Kristin Hersh, Murder, Misery And Then Goodnight (4ad)

Posted December 31st, 1998 by admin

Kristin Hersh
Murder, Misery And Then Goodnight
4ad
By: Eric G.

The new Kristin Hersh album is available only through on-line ordering, partly because it's an album of covers and partly to explore a new method of reaching fans. Hersh also has an on-line subscription available at her site (http://www.throwingmusic.com), which allows the listeners to pay a yearly fee to receive a new mp3 quality recording every month. The purpose is to present songs in their formative stages, so that the listener can be a part of the songwriting process by offering suggestions and comments. Hersh claims that she has always wished she could just mail her music to people who wanted it, and this is the next best thing.

Murder, Misery And Then Goodnight is a collection of traditional folk songs that Hersh learned from her parents in Chattanooga, Tennessee where she spent her early years before being transplanted to the north east. She recorded and compiled these songs as a gift to her two children, but it turned out to be something Hersh felt her fans would appreciate since the material is pretty evil- not exactly the type of stuff to play for children. The people in these songs die horrible deaths, and Hersh revels in the seedy underbelly of it all with a never before heard twang in her voice that she claims only surfaces when she sings these particular songs.

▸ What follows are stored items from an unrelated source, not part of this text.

lemma Jser_contraction:
  assumes ab: "order_ge (a - b) d"
  shows "order_ge (Jser k v a - Jser k v b) (Suc d)"
proof -
  have odd: "order_ge (fps_nth (exp_fps v * odd_fps a) n - fps_nth (exp_fps v * odd_fps b) n) d" for n
    unfolding fps_mult_nth sum_subtractf[symmetric] right_diff_distrib[symmetric]
    by (intro order_ge_sum order_ge_mult_left[OF order_ge_odd_fps_nth_diff[OF ab]])
  have "wser v a - wser v b = mps_const (1/2) * (a ^ 2 - b ^ 2)"
    by (simp add: wser_def algebra_simps)
  then have w: "order_ge (wser v a - wser v b) d"
    by (simp add: order_ge_const_mult order_ge_power_diff[OF ab])
  show ?thesis
    unfolding Jser_def
    by (simp only: add_diff_add flip: adic_sum_diff left_diff_distrib)
       (intro order_ge_add order_ge_adic_sum order_ge_mult[OF odd order_ge_var]
          order_ge_mult[OF order_ge_exp_fps_nth_diff[OF w] order_ge_var]; simp)
qed

definition v_sol :: mps where
  "v_sol = (THE v. Iser 0 v = v)"

definition r_sol :: mps where
  "r_sol = (THE r. Jser 0 v_sol r = r)"

lemma Iser_unique_fixpoint: "\<exists>!v. Iser 0 v = v"
  by (rule contraction_unique_fixpoint) (rule Iser_contraction)

lemma Jser_unique_fixpoint: "\<exists>!r. Jser 0 v r = r"
  by (rule contraction_unique_fixpoint) (rule Jser_contraction)

lemma Iser_v_sol: "Iser 0 v_sol = v_sol"
  unfolding v_sol_def by (rule theI'[OF Iser_unique_fixpoint])

lemma Jser_r_sol: "Jser 0 v_sol r_sol = r_sol"
  unfolding r_sol_def by (rule theI'[OF Jser_unique_fixpoint])

lemma order_ge_v_sol: "order_ge v_sol 1"
  using order_ge_Iser[of 0 v_sol] by (simp add: Iser_v_sol)

lemma order_ge_r_sol: "order_ge r_sol 1"
  using order_ge_Jser[of 0 v_sol r_sol] by (simp add: Jser_r_sol)

lemma mfps_ops_eq:
  "madd f g = mps_coeff (MPS f + MPS g)"
  "msub f g = mps_coeff (MPS f - MPS g)"
  "mmul f g = mps_coeff (MPS f * MPS g)"
  "msc c f = mps_coeff (mps_const c * MPS f)"
  "mconst c = mps_coeff (mps_const c)"
  "mvar x = mps_coeff (mps_var x)"
  "mpow f n = mps_coeff (MPS f ^ n)"
  "mfsum F A = mps_coeff (\<Sum>i\<in>A. MPS (F i))"
proof -
  show "msc c f = mps_coeff (mps_const c * MPS f)"
    by (rule ext) (simp add: msc_def mps_coeff_const_mult)
  show "mpow f n = mps_coeff (MPS f ^ n)"
    by (induction n) (simp_all add: mpow_def one_mps_def mps_const_def times_mps_def)
qed (simp_all add: plus_mps_def minus_mps_def times_mps_def mps_const_def mps_var_def
      fun_eq_iff mfsum_def mps_coeff_sum)

lemma Bsum_eq: "Bsum n (mps_coeff v) (mps_coeff r) = mps_coeff (fps_nth (exp_fps v * odd_fps r) n)"
proof -
  have "(\<Sum>i\<le>n. mps_const (1 / (fact i * of_nat (dfact (2*n - 2*i + 1)))) * (v ^ i * r ^ (2*n - 2*i + 1)))
      = (\<Sum>i\<le>n. fps_nth (exp_fps v) i * fps_nth (odd_fps r) (n - i))"
  proof (rule sum.cong)
    fix i
    assume "i \<in> {..n}"
    then have n: "2*n - 2*i + 1 = 2 * (n - i) + 1" by auto
    have "mps_const (1 / (fact i * of_nat (dfact (2 * (n - i) + 1)))) =
        mps_const (1 / fact i) * mps_const (1 / of_nat (dfact (2 * (n - i) + 1)))"
      by (simp flip: mps_const_mult)
    then show "mps_const (1 / (fact i * of_nat (dfact (2*n - 2*i + 1)))) * (v ^ i * r ^ (2*n - 2*i + 1)) =
        fps_nth (exp_fps v) i * fps_nth (odd_fps r) (n - i)"
      unfolding n by (simp add: exp_fps_def odd_fps_def mult_ac)
  qed simp
  then show ?thesis
    by (simp add: Bsum_def mfps_ops_eq fps_mult_nth atLeast0AtMost)
qed

lemma wvr_eq: "wvr (mps_coeff v) (mps_coeff r) = mps_coeff (wser v r)"
  by (simp add: wvr_def wser_def mfps_ops_eq)

lemma EL_v_eq:
  assumes v: "order_ge v 1"
  shows "EL_v (mps_coeff v) = mps_coeff (Iser 0 v - v)"
proof -
  let ?F = "\<lambda>n. mps_const (1 / fact n) * ((mps_var (T n) - mps_const (if n = 1 then 1 else 0)) * v ^ n)"
  have "adic_summable ?F"
    unfolding adic_summable_def
    by (intro allI order_ge_const_mult order_ge_mult_left[OF order_ge_power[OF v]])
  then have "EL_v (mps_coeff v) = mps_coeff (adic_sum ?F)"
    by (simp add: EL_v_def tt_def mfps_ops_eq msuminf_eq_adic_sum)
  also have "adic_sum ?F =
      adic_sum (\<lambda>n. fps_nth (exp_fps v) n * mps_var (T n) - (if n = 1 then v else 0))"
    by (rule arg_cong[where f=adic_sum]) (auto simp: exp_fps_def algebra_simps)
  also have "\<dots> = Iser 0 v - v"
    using adic_sum_single[OF v] by (simp add: adic_sum_diff Iser_def)
  finally show ?thesis .
qed

lemma EL_r_eq:
  assumes v: "order_ge v 1" and r: "order_ge r 1"
  shows "EL_r (mps_coeff v) (mps_coeff r) = mps_coeff (Jser 0 v r - r)"
proof -
  let ?b = "fps_nth (exp_fps v * odd_fps r)"
  let ?F = "\<lambda>n. (mps_var (T (n + 1)) - mps_const (if n + 1 = 1 then 1 else 0)) * ?b n"
  let ?G = "\<lambda>n. mps_const (1 / fact n) * (mps_var (S n) * wser v r ^ n)"
  have b: "adic_summable ?b"
    by (intro adic_summable_fps_mult adic_summable_exp_fps adic_summable_odd_fps v r)
  have w: "order_ge (wser v r) 1"
    using v r by (rule order_ge_wser)
  have sF: "adic_summable ?F"
    using b by (simp add: adic_summable_def order_ge_mult_left)
  have sG: "adic_summable ?G"
    unfolding adic_summable_def
    by (intro allI order_ge_const_mult order_ge_mult_left[OF order_ge_power[OF w]])
  have b0: "?b 0 = r"
    by (simp add: fps_mult_nth exp_fps_def odd_fps_def)
  have "EL_r (mps_coeff v) (mps_coeff r) =
      madd (msuminf (\<lambda>n. mps_coeff (?F n))) (msuminf (\<lambda>n. mps_coeff (?G n)))"
    by (simp add: EL_r_def tt_def Bsum_eq wvr_eq mfps_ops_eq)
  also have "\<dots> = mps_coeff (adic_sum ?F + adic_sum ?G)"
    by (simp only: msuminf_eq_adic_sum[OF sF] msuminf_eq_adic_sum[OF sG] mfps_ops_eq MPS_mps_coeff)
  also have "adic_sum ?F = adic_sum (\<lambda>n. ?b n * mps_var (T (n + 1)) - (if n = 0 then r else 0))"
    using b0 by (intro arg_cong[where f=adic_sum]) (auto simp: algebra_simps)
  also have "\<dots> + adic_sum ?G = Jser 0 v r - r"
    using adic_sum_single[OF order_ge_0, of r] by (simp add: adic_sum_diff Jser_def exp_fps_def mult_ac)
  finally show ?thesis .
qed

lemma THE_root_eq_fixpoint:
  assumes fixpoint: "\<Phi> v = v" "order_ge v 1"
    and unique: "\<And>w. \<Phi> w = w \<Longrightarrow> w = v"
    and equation: "\<And>w. order_ge w 1 \<Longrightarrow> E (mps_coeff w) = mps_coeff (\<Phi> w - w)"
  shows "(THE f. f 0 = 0 \<and> E f = mconst 0) = mps_coeff v"
proof (rule the_equality)
  have "mps_coeff v 0 = 0"
    using fixpoint(2) by (simp only: order_ge_1_iff)
  then show "mps_coeff v 0 = 0 \<and> E (mps_coeff v) = mconst 0"
    using fixpoint equation[of v] by (simp add: mfps_ops_eq)
next
  fix f
  assume f: "f 0 = 0 \<and> E f = mconst 0"
  then have "order_ge (MPS f) 1"
    unfolding order_ge_1_iff by simp
  with f equation[of "MPS f"] have "\<Phi> (MPS f) = MPS f"
    by (metis MPS_mps_coeff mfps_ops_eq(5) mps.sel mps_const_0 right_minus_eq)
  then show "f = mps_coeff v"
    using unique by fastforce
qed

lemma vtop_eq: "vtop = mps_coeff v_sol"
  unfolding vtop_def
proof (rule THE_root_eq_fixpoint[where \<Phi>="Iser 0"])
  show "Iser 0 w = w \<Longrightarrow> w = v_sol" for w
    using Iser_unique_fixpoint Iser_v_sol by blast
qed (fact Iser_v_sol order_ge_v_sol EL_v_eq)+

lemma rtop_eq: "rtop = mps_coeff r_sol"
  unfolding rtop_def vtop_eq
proof (rule THE_root_eq_fixpoint[where \<Phi>="Jser 0 v_sol"])
  show "Jser 0 v_sol w = w \<Longrightarrow> w = r_sol" for w
    using Jser_unique_fixpoint Jser_r_sol by blast
qed (fact Jser_r_sol order_ge_r_sol EL_r_eq[OF order_ge_v_sol])+

lemma II_eq: "II k = mps_coeff (Iser k v_sol)"
proof -
  have "II k = msuminf (\<lambda>n. mps_coeff (fps_nth (exp_fps v_sol) n * mps_var (T (n + k))))"
    by (simp add: II_def vtop_eq mfps_ops_eq exp_fps_def mult_ac)
  also have "\<dots> = mps_coeff (Iser k v_sol)"
    unfolding Iser_def
    by (rule msuminf_eq_adic_sum[OF adic_summable_mult_right[OF adic_summable_exp_fps[OF order_ge_v_sol]]])
  finally show ?thesis .
qed

lemma JJ_eq: "JJ k = mps_coeff (Jser k v_sol r_sol)"
proof -
  let ?b = "fps_nth (exp_fps v_sol * odd_fps r_sol)" and ?e = "fps_nth (exp_fps (wser v_sol r_sol))"
  have "adic_summable ?b" "adic_summable ?e"
    by (intro adic_summable_fps_mult adic_summable_exp_fps adic_summable_odd_fps
        order_ge_wser order_ge_v_sol order_ge_r_sol)+
  then have "adic_summable (\<lambda>n. ?b n * mps_var (T (n + k + 1)))"
    "adic_summable (\<lambda>n. ?e n * mps_var (S (n + k)))"
    by (simp_all add: adic_summable_mult_right)
  moreover have "JJ k = madd (msuminf (\<lambda>n. mps_coeff (?b n * mps_var (T (n + k + 1)))))
      (msuminf (\<lambda>n. mps_coeff (?e n * mps_var (S (n + k)))))"
    by (simp add: JJ_def vtop_eq rtop_eq mfps_ops_eq Bsum_eq wvr_eq exp_fps_def mult_ac)
  ultimately show ?thesis
    by (simp only: Jser_def msuminf_eq_adic_sum mfps_ops_eq MPS_mps_coeff)
qed

theorem lemma2p2:
  fixes k :: nat
  shows "mvar (T k) =
           msuminf (\<lambda>n. msc ((-1)^n / of_nat (fact n)) (mmul (mpow (II 0) n) (II (n+k)))) \<and>
         mvar (S k) =
           madd (msuminf (\<lambda>n. mmul
                  (mfsum (\<lambda>i. msc ((-1)^(n+1) /
                        (2^(n-i) * of_nat (fact i) * of_nat (fact (n-i)) * of_nat (2*n - 2*i + 1)))
                        (mmul (mpow (II 0) i) (mpow (JJ 0) (2*n - 2*i + 1)))) {..n})
                  (II (n+k+1))))
                (msuminf (\<lambda>n. msc ((-1)^n / of_nat (fact n))
                  (mmul (mpow (madd (II 0) (msc (1/2) (mpow (JJ 0) 2))) n) (JJ (n+k)))))"
proof -
  have "adic_summable (\<lambda>n. fps_nth (exp_fps (- v_sol)) n * Iser (n + k) v_sol)"
    "adic_summable (\<lambda>n. fps_nth (sinv_fps v_sol r_sol) n * Iser (n + k + 1) v_sol)"
    "adic_summable (\<lambda>n. fps_nth (exp_fps (- wser v_sol r_sol)) n * Jser (n + k) v_sol r_sol)"
    by (intro adic_summable_mult_right adic_summable_sinv_fps adic_summable_exp_fps
        order_ge_uminus order_ge_wser order_ge_v_sol order_ge_r_sol)+
  then show ?thesis
    by (simp only: II_eq Iser_v_sol JJ_eq Jser_r_sol mfps_ops_eq MPS_mps_coeff of_nat_fact
        wser_def[symmetric] fps_nth_sinv_fps[symmetric] fps_nth_exp_fps_neg_mult msuminf_eq_adic_sum
        T_inversion[OF order_ge_v_sol, symmetric] S_inversion[OF order_ge_v_sol order_ge_r_sol, symmetric]
        simp_thms)
qed

end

Since the Throwing Muses officially called it quits, Hersh has explored her acoustic side- a direction she dabbled in briefly on her first solo album, Hips And Makers, in 1994. Her second solo album, Strange Angels, showcased the too-close-for-comfort ferocity of Hersh's maniacal voice in a bare bones atmosphere. The result is a lush, yet unnerving collection of emotional snippets that Hersh sings with every demon she can muster. Murder, Misery And Then Goodnight is a pleasant side step between albums (her rendition of "Whole Heap Of Little Horses" is truly beautiful and haunting). The songs are vaguely familiar, and Hersh gives them her own touch with help from her husband and children on back-up vocals.